Neonatal screening allows us to anticipate the onset of the symptoms of certain diseases. This is crucial because many diseases are irreversible if not diagnosed and treated quickly. So forging ahead is what really opens doors for us.
Right now, we are taking part in two new national neonatal genomic screening projects on top of the previous GenNatal project: one is GeneBorn, involving all of the Spanish Autonomous Communities, with a sample of 1000 newborns; the other is CrinGenEs, in which nine Autonomous Communities are involved and which has a sample of 2,500 newborns. Here, screening will be based on the use of genetic tools to identify more than 300 different genetic diseases. Compared to the around 40 diseases that are screened for right now, this is a huge step up, qualitatively speaking.
The first Únicas Hackathon for rare diseases will take place in Murcia on 6 and 7 October. What does it entail?
The first Únicas Hackathon for undiagnosed rare diseases is a groundbreaking event with one specific task in mind: providing a diagnosis to children who have not yet received one after exhausting all possible healthcare options. Its equitable perspective means, in addition to the children selected from hospitals that are part of the ÚNICAS Network, children from Latin America who have been referred by their clinical teams have also been included. The Hackathon features the involvement of IMPaCT GENóMICA and several professionals from Latin America and Europe so that, in just 48 hours, we are able to analyse and integrate all of the previously obtained genetic sequences containing the clinical characteristics of the patients, with the aim of finding a diagnosis for as many cases as possible.
What does the future of research and treatment of rare diseases look like on a global level?
In recent years, there have been huge advancements made in the field of diagnostics, because genetic technology has evolved so quickly. However, when it comes to treatment, only 6% of rare diseases currently have a targeted therapy. That is why it is essential to continue researching new therapeutic options. Without a shadow of a doubt, the Advanced Therapies Platform at our hospital is playing—and will continue to play—a huge role in this work. Gene therapy and RNA- or protein-based treatments are giving us new hope that we can alter the course of many diseases, and improve the quality of life of those that have them.
And what does the Genetics Department at the SJD Barcelona Children's Hospital want to improve on?
We at the Genetics Department want to keep developing genomic medicine at our hospital, taking a comprehensive, multidisciplinary approach to help prevent diseases (through genetic counselling), provide early diagnosis, and identify new therapies that improve the quality of life of the children living with rare diseases.
With this goal in mind, we are updating all of our infrastructures—genomic, data storage and integration, process accreditation systems, staffing and healthcare protocols—by training multidisciplinary teams for each group of genetic diseases.
In addition, we are working towards integrating and supporting genetics and genomics applications in each and every clinical hospital department to achieve earlier and more precise diagnosis for patients and to help provide personalised treatment. All this while working hand-in-hand with national and international cooperative projects and networks.
And we have not forgotten about the children who, even after exhausting all standard clinical studies, are still undiagnosed.
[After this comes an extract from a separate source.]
(* Let $\mathcal{G}=\langle S,A,T,s_0,F\rangle$ be a two-player turn-based deterministic reachability game. For any disjoint $X,Y\subseteq\mathrm{Win}_2(\mathcal{G},F)\setminus F$, we have $\mathrm{DASWin}_1(X,Y)\subseteq\mathrm{DSWin}_1(X,Y)$.
   Context: A two-player turn-based deterministic reachability game is a tuple $\mathcal{G}=\langle S,A,T,s_0,F\rangle$: $S$ finite, partitioned into P1 states $S_1$ and P2 states $S_2$; $A=A_1\cup A_2$ (P1 and P2 actions); $T:(S_1\times A_1)\cup(S_2\times A_2)\to S$ deterministic, possibly partial ($a$ enabled at $s$ iff $T(s,a)$ defined; every state has an enabled action); $s_0$ initial; $F\subseteq S$ a set of sink states (P2's goal). For a target $R$: $Z_0=R$, $Z_{k+1}=Z_k\cup\{s\in S_1:T(s,a)\in Z_k\ \forall\text{ enabled }a\}\cup\{s\in S_2:T(s,a)\in Z_k\text{ for some enabled }a\}$, $\mathrm{Win}_2(\mathcal{G},R)=\bigcup_kZ_k$, $\mathrm{rank}_{\mathcal{G},R}(s)=\min\{k:s\in Z_k\}$ ($\infty$ if none). For disjoint $X,Y\subseteq\mathrm{Win}_2(\mathcal{G},F)\setminus F$ (traps $X$, fake targets $Y$): the true game $\mathcal{G}^1_{X,Y}$ has states $S$ and transitions $T_{X,Y}(q,a)=T(q,a)$ if $q\notin X\cup Y$, $T_{X,Y}(q,a)=q$ if $q\in X\cup Y$; P2's perceptual game $\mathcal{G}^2_{X,Y}$ has transitions $T$ and goal $F\cup Y$, with $\mathrm{rank}_{\mathcal{G}^2_{X,Y}}:=\mathrm{rank}_{\mathcal{G},F\cup Y}$. A memoryless randomized strategy of player $i$ maps each $q\in S_i$ to a distribution over enabled actions (deterministic if all are point masses); a pair of strategies and a start state determine the set of generated paths and a probability measure on paths of $\mathcal{G}^1_{X,Y}$. Sure-winning notion: for $q\in S_2\cap\mathrm{Win}_2(\mathcal{G},F)\setminus(F\cup Y)$, $\mathsf{SRActs}_{X,Y}(q)=\{a\text{ enabled}:\mathrm{rank}_{\mathcal{G}^2_{X,Y}}(T(q,a))<\mathrm{rank}_{\mathcal{G}^2_{X,Y}}(q)\}$, and all enabled actions at every other state; a memoryless deterministic strategy is subjectively rationalizable if it always picks an action in $\mathsf{SRActs}_{X,Y}$; a memoryless deterministic P1 strategy $\pi_1$ is stealthy deceptive sure winning at $s$ if it is subjectively rationalizable and for every subjectively rationalizable memoryless deterministic P2 strategy $\pi_2$ every path from $s$ generated by $(\pi_1,\pi_2)$ in $\mathcal{G}^1_{X,Y}$ visits $X\cup Y$ within finitely many steps; $\mathrm{DSWin}_1(X,Y)$ is the set of states where such a strategy exists. Almost-sure notion: for $q\in S_2\cap\mathrm{Win}_2(\mathcal{G},F)\setminus F$, $\widehat{\mathsf{SRActs}}(q)=\{a\text{ enabled}:T(q,a)\in\mathrm{Win}_2(\mathcal{G},F)\}$, and all enabled actions at every other state; a memoryless randomized strategy is subjectively rationalizable if at each of its player's states $q$ its support is a nonempty subset of $\widehat{\mathsf{SRActs}}(q)$; a memoryless randomized P1 strategy $\pi_1$ is stealthy deceptive almost-sure winning at $s$ if it is subjectively rationalizable and for every subjectively rationalizable memoryless randomized P2 strategy $\pi_2$ the path of $\mathcal{G}^1_{X,Y}$ from $s$ under $(\pi_1,\pi_2)$ visits $X\cup Y$ with probability one; $\mathrm{DASWin}_1(X,Y)$ is the set of states where such a strategy exists. *)

theory Defs
  imports "HOL-Probability.Probability" "HOL-Library.Extended_Nat"
begin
This is only the case because science still has not progressed enough to identify the genes responsible, or because current technology is the inhibiting factor in reaching a diagnosis. These patients must be periodically reviewed, informed by new knowledge and technology. It is vital that we have programs dedicated to undiagnosed cases, such will be the case at the SJD Barcelona Children's Hospital.
Nica’s journey is a fundraising campaign that seeks to raise money to create a program for undiagnosed patients and to improve healthcare for children with rare diseases.